A CURA DO MAL DE ASAFE
Essa doença sempre fez
Vítimas entre o povo de Deus
O pós-modernismo, segundo Zygmunt BaumanI, autor de Ética pós-moderna,
caracteriza-se por ambivalência moral, nenhum código ético coerente, fim da
moralidade universal, moralidade contraditória, pluralismo moral, fragmentação da
verdade, personalismo moral, não reconhecimento de autoridade, ausência moral
do Estado, ressurreição do paroquialismo e do tribalismo, rejeição da
Revelação. Nesse ambiente filosófico, promove-se o surgimento de todo tipo de
pecados e aberrações, quer contra Deus, quer contra a sociedade, contra
instituições, contra a natureza e as pessoas. A mentira tornou-se o idioma do pragmatismo
de uma sociedade secularizada, ególatra e sensual.

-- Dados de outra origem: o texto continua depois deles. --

lemma armijo_rejection_stepsize_lower_bound:
  fixes f :: "'a::real_inner \<Rightarrow> real" and g :: "'a \<Rightarrow> 'a"
  assumes grad: "\<And>y. (f has_derivative (\<lambda>h. g y \<bullet> h)) (at y)"
    and lip: "\<And>y z. norm (g y - g z) \<le> L * norm (y - z)"
    and "L > 0" "c2 > 0" "s > 0" "\<rho> < 1" "g x \<noteq> 0" "f x \<le> R"
    and angle: "g x \<bullet> d \<le> - c1 * (norm (g x))\<^sup>2"
    and length: "norm d \<le> c2 * norm (g x)"
    and rejected: "\<not> f (x + s *\<^sub>R d) \<le> R + \<rho> * s * (g x \<bullet> d)"
  shows "(1 - \<rho>) * c1 / (L * c2\<^sup>2) < s"
proof -
  have "\<rho> * s * (g x \<bullet> d) < s * (g x \<bullet> d) + L * s\<^sup>2 * (norm d)\<^sup>2"
    using rejected lipschitz_gradient_quadratic_upper_bound[OF grad lip, of s x d]
      \<open>L > 0\<close> \<open>s > 0\<close> \<open>f x \<le> R\<close> by simp
  then have "s * ((1 - \<rho>) * - (g x \<bullet> d)) < s * (L * s * (norm d)\<^sup>2)"
    by (simp add: algebra_simps power2_eq_square)
  then have "(1 - \<rho>) * - (g x \<bullet> d) < L * s * (norm d)\<^sup>2"
    using \<open>s > 0\<close> by (simp only: mult_less_cancel_left_pos)
  moreover have "(1 - \<rho>) * (c1 * (norm (g x))\<^sup>2) \<le> (1 - \<rho>) * - (g x \<bullet> d)"
    using angle \<open>\<rho> < 1\<close> by (intro mult_left_mono) auto
  moreover have "L * s * (norm d)\<^sup>2 \<le> L * s * (c2 * norm (g x))\<^sup>2"
    using length \<open>L > 0\<close> \<open>s > 0\<close> by (intro mult_left_mono power_mono) auto
  ultimately have "((1 - \<rho>) * c1) * (norm (g x))\<^sup>2 < (L * c2\<^sup>2 * s) * (norm (g x))\<^sup>2"
    by (simp add: algebra_simps power_mult_distrib)
  then have "(1 - \<rho>) * c1 < L * c2\<^sup>2 * s"
    using \<open>g x \<noteq> 0\<close> by (simp add: mult_less_cancel_right)
  then show ?thesis
    using \<open>L > 0\<close> \<open>c2 > 0\<close> by (simp add: divide_less_eq mult.commute)
qed

lemma backtracking_stepsize_pos:
  fixes \<alpha> :: "nat \<Rightarrow> real"
  assumes "\<alpha> 0 > 0" "\<beta> > 0"
    and astep: "\<And>k. \<alpha> (Suc k) = \<alpha> k * \<beta> powi (int (lk k) - 1)"
  shows "\<alpha> k > 0"
proof (induction k)
  case (Suc k)
  then show ?case
    using astep[of k] zero_less_power_int[OF \<open>\<beta> > 0\<close>] by simp
qed (rule assms(1))

lemma backtracking_accepted_stepsize_lower_bound:
  fixes \<alpha> :: "nat \<Rightarrow> real"
  assumes "\<alpha> 0 > 0" "0 < \<beta>" "\<beta> < 1" "\<tau> > 0"
    and astep: "\<And>k. \<alpha> (Suc k) = \<alpha> k * \<beta> powi (int (lk k) - 1)"
    and rejected: "\<And>k l. l < lk k \<Longrightarrow> \<tau> < \<alpha> k * \<beta> ^ l"
  shows "min (\<alpha> 0) (\<beta> * \<tau>) \<le> \<alpha> k * \<beta> ^ lk k"
proof -
  have backtracked: "\<beta> * \<tau> \<le> \<alpha> k * \<beta> ^ lk k" if nonzero: "lk k \<noteq> 0" for k
  proof -
    obtain l where l: "lk k = Suc l"
      using nonzero not0_implies_Suc by blast
    then have "\<beta> * \<tau> \<le> \<beta> * (\<alpha> k * \<beta> ^ l)"
      using rejected[of l k] \<open>\<beta> > 0\<close> by simp
    then show ?thesis
      by (simp add: l mult.left_commute)
  qed
  show ?thesis
  proof (induction k)
    case 0
    then show ?case
      using backtracked[of 0] by (cases "lk 0 = 0") auto
  next
    case (Suc k)
    show ?case
    proof (cases "lk (Suc k) = 0")
      case True
      have "\<beta> powi (int (lk k) - 1) = \<beta> ^ lk k / \<beta>"
        using \<open>\<beta> > 0\<close> by (simp add: power_int_diff)
      then have "\<alpha> (Suc k) * \<beta> ^ lk (Suc k) = \<alpha> k * \<beta> ^ lk k / \<beta>"
        using True astep[of k] by simp
      moreover have "0 < min (\<alpha> 0) (\<beta> * \<tau>)"
        using assms(1,2,4) by simp
      then have "0 < \<alpha> k * \<beta> ^ lk k"
        using Suc.IH by linarith
      then have "\<alpha> k * \<beta> ^ lk k \<le> \<alpha> k * \<beta> ^ lk k / \<beta>"
        using assms(2,3) by (simp add: le_divide_eq mult_left_le)
      ultimately show ?thesis
        using Suc.IH by simp
    next
      case False
      then show ?thesis
        using backtracked[of "Suc k"] by simp
    qed
  qed
qed

lemma armijo_sufficient_decrease:
  fixes f :: "'a::real_inner \<Rightarrow> real" and g :: "'a \<Rightarrow> 'a"
  assumes "\<rho> > 0" "c1 \<ge> 0" "0 \<le> \<tau>" "\<tau> \<le> t"
    and angle: "g x \<bullet> d \<le> - c1 * (norm (g x))\<^sup>2"
    and accepted: "f (x + t *\<^sub>R d) \<le> R + \<rho> * t * (g x \<bullet> d)"
  shows "f (x + t *\<^sub>R d) \<le> R - \<rho> * \<tau> * c1 * (norm (g x))\<^sup>2"
proof -
  have "\<tau> * (c1 * (norm (g x))\<^sup>2) \<le> t * - (g x \<bullet> d)"
    using assms(2-4) angle by (intro mult_mono) auto
  then have "\<rho> * \<tau> * c1 * (norm (g x))\<^sup>2 \<le> - (\<rho> * t * (g x \<bullet> d))"
    using mult_left_mono[of _ _ \<rho>] \<open>\<rho> > 0\<close> by (fastforce simp: mult.assoc)
  with accepted show ?thesis
    by linarith
qed

definition window_max :: "(nat \<Rightarrow> real) \<Rightarrow> (nat \<Rightarrow> nat) \<Rightarrow> nat \<Rightarrow> real" where
  "window_max F m k = Max ((\<lambda>j. F (k - j)) ` {0..m k})"

lemma window_max_ge: "j \<le> m k \<Longrightarrow> F (k - j) \<le> window_max F m k"
  unfolding window_max_def by (intro Max_ge) auto

lemma window_max_attained: "\<exists>j \<le> m k. window_max F m k = F (k - j)"
proof -
  have "window_max F m k \<in> (\<lambda>j. F (k - j)) ` {0..m k}"
    unfolding window_max_def by (intro Max_in) auto
  then show ?thesis by auto
qed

Roubar, seguido ou não de
morte da vítima, tornou-se prática comum dos que desejam sobreviver ou acumular
fortunas. Em uma das ruas do centro de Curitiba, uma família sem teto
preparava-se para dormir debaixo de uma marquise. Antes de se enrolarem em suas
pobres e empoeiradas cobertas, colocaram um pedaço de papelão, ajoelharam-se e
oraram antes de dormir. Cenas como essas nos lembram constantemente que o mal
já está maduro para ser punido e eliminado. Por isso, vem-nos à mente a
pergunta do vidente de Patmos: ''Até
quando, ó Soberano Senhor?" Não raras vezes, fazemos essa pergunta
diante das incertezas da vida: Até quando continuarei sendo um pobre honesto
vivendo no meio de ricos desonestos? Até quando continuarei fiel, mesmo sendo
injustiçado?
Nessas circunstâncias, a experiência vivida pelo poeta e músico sacro
Asafe torna-se uma grande ajuda. Consideremos o salmo 73 para descobrirmos o
mal que atormentou aquele compositor e como ele conseguiu cura definitiva para
sua alma.
O mal de Asafe2 - Asafe não era um mero musicista. Na verdade,
era um dos principais levitas. Cantor, compositor e músico instrumentista que
servia a Deus, junto com Jedutum e Hemã. I
Crônicas 25:5-6 informa que ele também serviu a Deus, como profeta, no
remado de Davi. Por ocasião do episódio do transporte da Arca, da casa de
Obede-Edom para a tenda armada por Davi, a fidelidade de Asafe motivou o rei a
promovê-Io a ministro da música. Seus instrumentos preferidos eram: harpa,
alaúde e címbalo.
Junto com quatro mil levitas, Asafe louvava continuamente ao Senhor.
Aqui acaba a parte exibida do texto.